My first reaction to the killing of a cop and a civilian in Texas by a man armed with an automatic gun was disbelief. First Colorado, then Wisconsin, and now this, all in a space of weeks. This can’t be happening, I thought. Are we turning into a nation of trigger-happy psychopaths? I really hope not.

The Texas shooter was not armed with an automatic weapon; according to police he had “several long guns and pistols.” A story from The New York Times reported that he idolized snipers like Gunny Hathcock and Russian Vasily Zaytsev, had pictures of “assault rifles” on his Facebook page and posted back in May that he had purchased a Russian Mosin-Nagant ; a bolt-action rifle with a fixed internal magazine. Heck, that doesn’t qualify as an “assault weapon” even in California.

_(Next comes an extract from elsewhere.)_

(* Suppose $\mathbb{Q}_1$ is a probability measure on $(\Omega,\mathcal F(T))$ such that each $S_{1,j}$, $j=1,\dots,d$, is a real-valued (in particular finite) nonnegative $\mathbb{Q}_1$-martingale (possibly hitting $0$). Define probability measures $\mathbb{Q}_i$ by $\frac{\mathrm d\mathbb{Q}_i}{\mathrm d\mathbb{Q}_1}=S_{i,1}(0)S_{1,i}(T)$, $i=1,\dots,d$. Then $(\mathbb{Q}_i)_i$ is a numéraire-consistent family, each $\mathbb{Q}_i$ is absolutely continuous with respect to $\mathbb{Q}_1$, and $\sum_i\mathbb{Q}_i\sim\mathbb{Q}_1$. Moreover, if $\overline{\mathbb{Q}}$ denotes the corresponding valuation measure with respect to the basket (i.e. $\overline{\mathbb Q}=\sum_i\overline S_i(0)\mathbb Q_i$), then for all $r\in[0,T]$ and $C\in\mathcal C$ with $\overline C\in L^1(\overline{\mathbb Q})$ one has $\mathbb{E}^{\overline{\mathbb{Q}}}_r[\overline C]=\overline S_1(r)\mathbb E^{\mathbb Q_1}_r[C_1]$, and for each $i$, on the event $\{i\in\mathfrak A(r)\}$, $$\frac{\mathbb{E}^{\overline{\mathbb{Q}}}_r[\overline C]}{\overline S_i(r)}=\mathbb{E}^{\mathbb{Q}_i}_r[C_i]+S_{i,1}(r)\,\mathbb{E}^{\mathbb{Q}_1}_r\big[C_1\mathbf 1_{\{S_{1,i}(T)=0\}}\big].$$
   Context: Fix $T>0$, $d\in\mathbb N$, and a filtered space $(\Omega,\mathcal{F}(T),(\mathcal{F}(t))_{t\in[0,T]})$ with right-continuous filtration and trivial $\mathcal{F}(0)$. For $x,y\in[0,\infty]$ the product $xy$ is defined except when one is $0$ and the other is $\infty$. An exchange matrix is $s=(s_{i,j})\in[0,\infty]^{d\times d}$ with $s_{i,i}=1$ and $s_{i,j}s_{j,k}=s_{i,k}$ for all $i,j,k$ whenever the product is defined. $S=(S_{i,j})_{i,j=1}^d$ is a right-continuous adapted $[0,\infty]^{d\times d}$-valued process such that $S(t)$ is an exchange matrix for every $t$. Active currencies: $\mathfrak{A}(t)=\{i:\sum_jS_{i,j}(t)<\infty\}$, with $\mathfrak A(0)=\{1,\dots,d\}$. Basket prices: $\overline S_i=1/\sum_jS_{i,j}$. A value vector for an exchange matrix $s$ is $v\in[0,\infty]^d$ with $s_{i,j}v_j=v_i$ whenever defined; $\mathcal{C}$ is the set of $\mathcal{F}(T)$-measurable value vectors for $S(T)$, and for $C\in\mathcal C$, $\overline C=\frac{1}{|\mathfrak{A}(T)|}\sum_{j\in\mathfrak{A}(T)}\overline S_j(T)C_j$. A family $(\mathbb{Q}_i)_{i=1}^d$ of probability measures is numéraire-consistent if $\mathbb{E}^{\mathbb{Q}_i}[S_{i,j}(t)\mathbf{1}_A]=S_{i,j}(0)\,\mathbb{Q}_j(A\cap\{S_{j,i}(t)>0\})$ for all $i,j$, $t\in[0,T]$, $A\in\mathcal{F}(t)$. A valuation measure with respect to the basket is a probability measure under which $\overline S$ is a martingale. $\mathbb{E}^{\mathbb Q}_r$ is conditional expectation given $\mathcal F(r)$. *)

theory Defs
  imports "HOL-Probability.Probability"
begin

Once past the lying part, Sanjay jumps in with his suggestions on how lives can best be saved:

There is a lot of quibbling over which weapons should be available to private citizens and which should be banned. I know there are vast differences between different types of guns, but when it comes to deadly weapons, nuances don’t matter. We are not talking about complex financial instruments here, but things that are used to kill people. If the real purpose of guns, as ratified by the Supreme Court, is defense of one’s home.

Screech go the brakes! No Sanjay, defense of the home is only a very small part of the “real purpose of guns.” The reason that was the primary thrust of the ruling in the Heller case was because that was the primary thrust of that case.

Just as Brown v. Board of Education was preceded by a bunch of narrower, more limited cases and rulings. So it’s going to be a long road until the court rules that the Second Amendment means what it says. The complaint in Heller was:

… Respondent Heller, a D. C. special policeman, applied to register a handgun he wished to keep at home, but the District refused. He filed this suit seeking, on Second Amendment grounds, to enjoin the city from enforcing the bar on handgun registration …

Hence the narrow ruling. But back to the matter at hand . . .

As for the classification of guns as “things that are used to kill people,” the same could be said of any number of items. Cars are used to kill people, but everyone knows and accepts that they are a useful tool as well. Likewise gasoline, knives, baseball bats, even rat poison. I take daily doses of the rat poison/blood thinner Warfarin so I don’t get blood clots and stroke out.

The point is you can’t do a cost-benefit analysis without looking at the benefits. So what are the benefits of guns? Well, how about two lives saved by DGU[1]s for each life taken by a CGU[2]? Don’t believe me? Well, here are the facts.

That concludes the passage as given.